**Instructions for the task:** Using the entries that follow, collect the lines where the word "best" appears.

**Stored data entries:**

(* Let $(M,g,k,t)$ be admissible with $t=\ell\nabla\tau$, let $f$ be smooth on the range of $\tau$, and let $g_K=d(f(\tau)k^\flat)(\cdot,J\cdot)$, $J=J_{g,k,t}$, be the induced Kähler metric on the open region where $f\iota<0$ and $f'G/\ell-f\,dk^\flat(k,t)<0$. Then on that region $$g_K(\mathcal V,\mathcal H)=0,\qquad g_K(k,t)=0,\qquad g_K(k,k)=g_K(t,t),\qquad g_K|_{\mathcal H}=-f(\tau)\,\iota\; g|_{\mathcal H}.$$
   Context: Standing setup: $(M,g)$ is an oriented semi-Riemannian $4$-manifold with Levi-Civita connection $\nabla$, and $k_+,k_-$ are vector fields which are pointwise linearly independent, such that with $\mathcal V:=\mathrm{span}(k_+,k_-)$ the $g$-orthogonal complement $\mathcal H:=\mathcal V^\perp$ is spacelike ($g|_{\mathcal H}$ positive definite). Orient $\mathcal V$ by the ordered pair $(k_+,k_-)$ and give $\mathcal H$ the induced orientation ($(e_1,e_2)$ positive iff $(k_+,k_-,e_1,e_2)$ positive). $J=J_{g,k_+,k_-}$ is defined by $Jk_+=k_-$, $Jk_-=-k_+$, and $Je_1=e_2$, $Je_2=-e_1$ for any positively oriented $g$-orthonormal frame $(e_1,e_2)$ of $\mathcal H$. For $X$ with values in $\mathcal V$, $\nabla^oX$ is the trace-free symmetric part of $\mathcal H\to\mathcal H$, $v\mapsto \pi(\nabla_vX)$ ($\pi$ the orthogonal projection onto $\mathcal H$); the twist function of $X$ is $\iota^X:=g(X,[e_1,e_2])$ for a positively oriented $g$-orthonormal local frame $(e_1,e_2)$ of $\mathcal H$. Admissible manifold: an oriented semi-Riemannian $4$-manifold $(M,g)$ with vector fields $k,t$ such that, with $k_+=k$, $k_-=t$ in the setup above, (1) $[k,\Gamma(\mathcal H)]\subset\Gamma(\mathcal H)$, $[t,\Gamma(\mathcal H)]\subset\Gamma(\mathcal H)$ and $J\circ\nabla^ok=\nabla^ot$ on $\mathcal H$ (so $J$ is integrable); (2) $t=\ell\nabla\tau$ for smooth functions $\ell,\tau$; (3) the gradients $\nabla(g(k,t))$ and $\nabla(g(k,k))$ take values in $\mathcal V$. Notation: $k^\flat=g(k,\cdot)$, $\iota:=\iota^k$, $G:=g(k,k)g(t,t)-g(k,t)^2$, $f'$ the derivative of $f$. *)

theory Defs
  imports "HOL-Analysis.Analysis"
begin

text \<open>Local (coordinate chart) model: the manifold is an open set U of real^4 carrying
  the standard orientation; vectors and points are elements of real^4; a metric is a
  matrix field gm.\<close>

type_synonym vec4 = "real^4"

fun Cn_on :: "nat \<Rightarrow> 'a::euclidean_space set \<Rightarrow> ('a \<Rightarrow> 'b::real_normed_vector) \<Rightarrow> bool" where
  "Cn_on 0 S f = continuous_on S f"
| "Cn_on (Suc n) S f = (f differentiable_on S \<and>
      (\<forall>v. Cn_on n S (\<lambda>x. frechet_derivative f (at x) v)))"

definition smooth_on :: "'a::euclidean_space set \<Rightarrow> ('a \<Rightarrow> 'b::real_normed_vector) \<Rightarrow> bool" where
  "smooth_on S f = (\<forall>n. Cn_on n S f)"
---
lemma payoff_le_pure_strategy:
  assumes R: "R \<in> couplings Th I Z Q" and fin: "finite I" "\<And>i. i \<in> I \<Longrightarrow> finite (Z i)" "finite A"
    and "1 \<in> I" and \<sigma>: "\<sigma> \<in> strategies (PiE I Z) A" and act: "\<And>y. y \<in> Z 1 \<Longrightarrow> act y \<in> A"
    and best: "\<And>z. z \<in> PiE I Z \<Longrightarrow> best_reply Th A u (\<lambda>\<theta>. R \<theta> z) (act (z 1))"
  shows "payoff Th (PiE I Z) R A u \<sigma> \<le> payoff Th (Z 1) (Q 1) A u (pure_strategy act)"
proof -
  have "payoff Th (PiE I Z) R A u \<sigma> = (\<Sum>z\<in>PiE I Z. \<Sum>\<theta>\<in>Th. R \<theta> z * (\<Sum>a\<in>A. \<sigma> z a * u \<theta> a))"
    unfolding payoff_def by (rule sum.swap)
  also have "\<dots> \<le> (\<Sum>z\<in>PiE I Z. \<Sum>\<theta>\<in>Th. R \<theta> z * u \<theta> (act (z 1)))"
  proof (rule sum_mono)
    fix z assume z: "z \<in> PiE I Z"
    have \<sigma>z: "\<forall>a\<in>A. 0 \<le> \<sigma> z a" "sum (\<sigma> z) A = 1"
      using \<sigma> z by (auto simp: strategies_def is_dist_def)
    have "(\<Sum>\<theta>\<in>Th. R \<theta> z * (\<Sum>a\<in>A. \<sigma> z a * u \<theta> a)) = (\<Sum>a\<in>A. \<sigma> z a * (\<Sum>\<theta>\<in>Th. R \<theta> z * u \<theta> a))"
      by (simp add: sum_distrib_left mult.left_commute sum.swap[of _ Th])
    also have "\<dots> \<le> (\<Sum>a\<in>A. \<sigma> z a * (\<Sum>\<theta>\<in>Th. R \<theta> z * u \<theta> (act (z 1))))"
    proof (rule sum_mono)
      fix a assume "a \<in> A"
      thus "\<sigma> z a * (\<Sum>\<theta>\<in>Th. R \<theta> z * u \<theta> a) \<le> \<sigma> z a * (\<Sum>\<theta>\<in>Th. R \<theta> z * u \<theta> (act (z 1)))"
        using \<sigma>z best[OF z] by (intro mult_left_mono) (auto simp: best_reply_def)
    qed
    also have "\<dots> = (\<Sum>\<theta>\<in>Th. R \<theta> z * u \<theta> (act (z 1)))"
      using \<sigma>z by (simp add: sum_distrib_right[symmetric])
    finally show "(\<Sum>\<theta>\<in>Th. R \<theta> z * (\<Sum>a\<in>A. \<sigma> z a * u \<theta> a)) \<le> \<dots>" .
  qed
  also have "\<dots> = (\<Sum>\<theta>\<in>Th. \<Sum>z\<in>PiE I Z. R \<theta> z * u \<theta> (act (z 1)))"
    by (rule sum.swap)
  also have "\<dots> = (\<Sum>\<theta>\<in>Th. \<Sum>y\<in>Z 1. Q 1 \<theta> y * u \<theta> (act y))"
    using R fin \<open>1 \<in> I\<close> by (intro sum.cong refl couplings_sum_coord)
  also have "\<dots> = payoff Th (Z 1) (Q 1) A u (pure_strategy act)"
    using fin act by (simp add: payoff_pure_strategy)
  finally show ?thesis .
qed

**Completed task:**
    and best: "\<And>z. z \<in> PiE I Z \<Longrightarrow> best_reply Th A u (\<lambda>\<theta>. R \<theta> z) (act (z 1))"
        using \<sigma>z best[OF z] by (intro mult_left_mono) (auto simp: best_reply_def)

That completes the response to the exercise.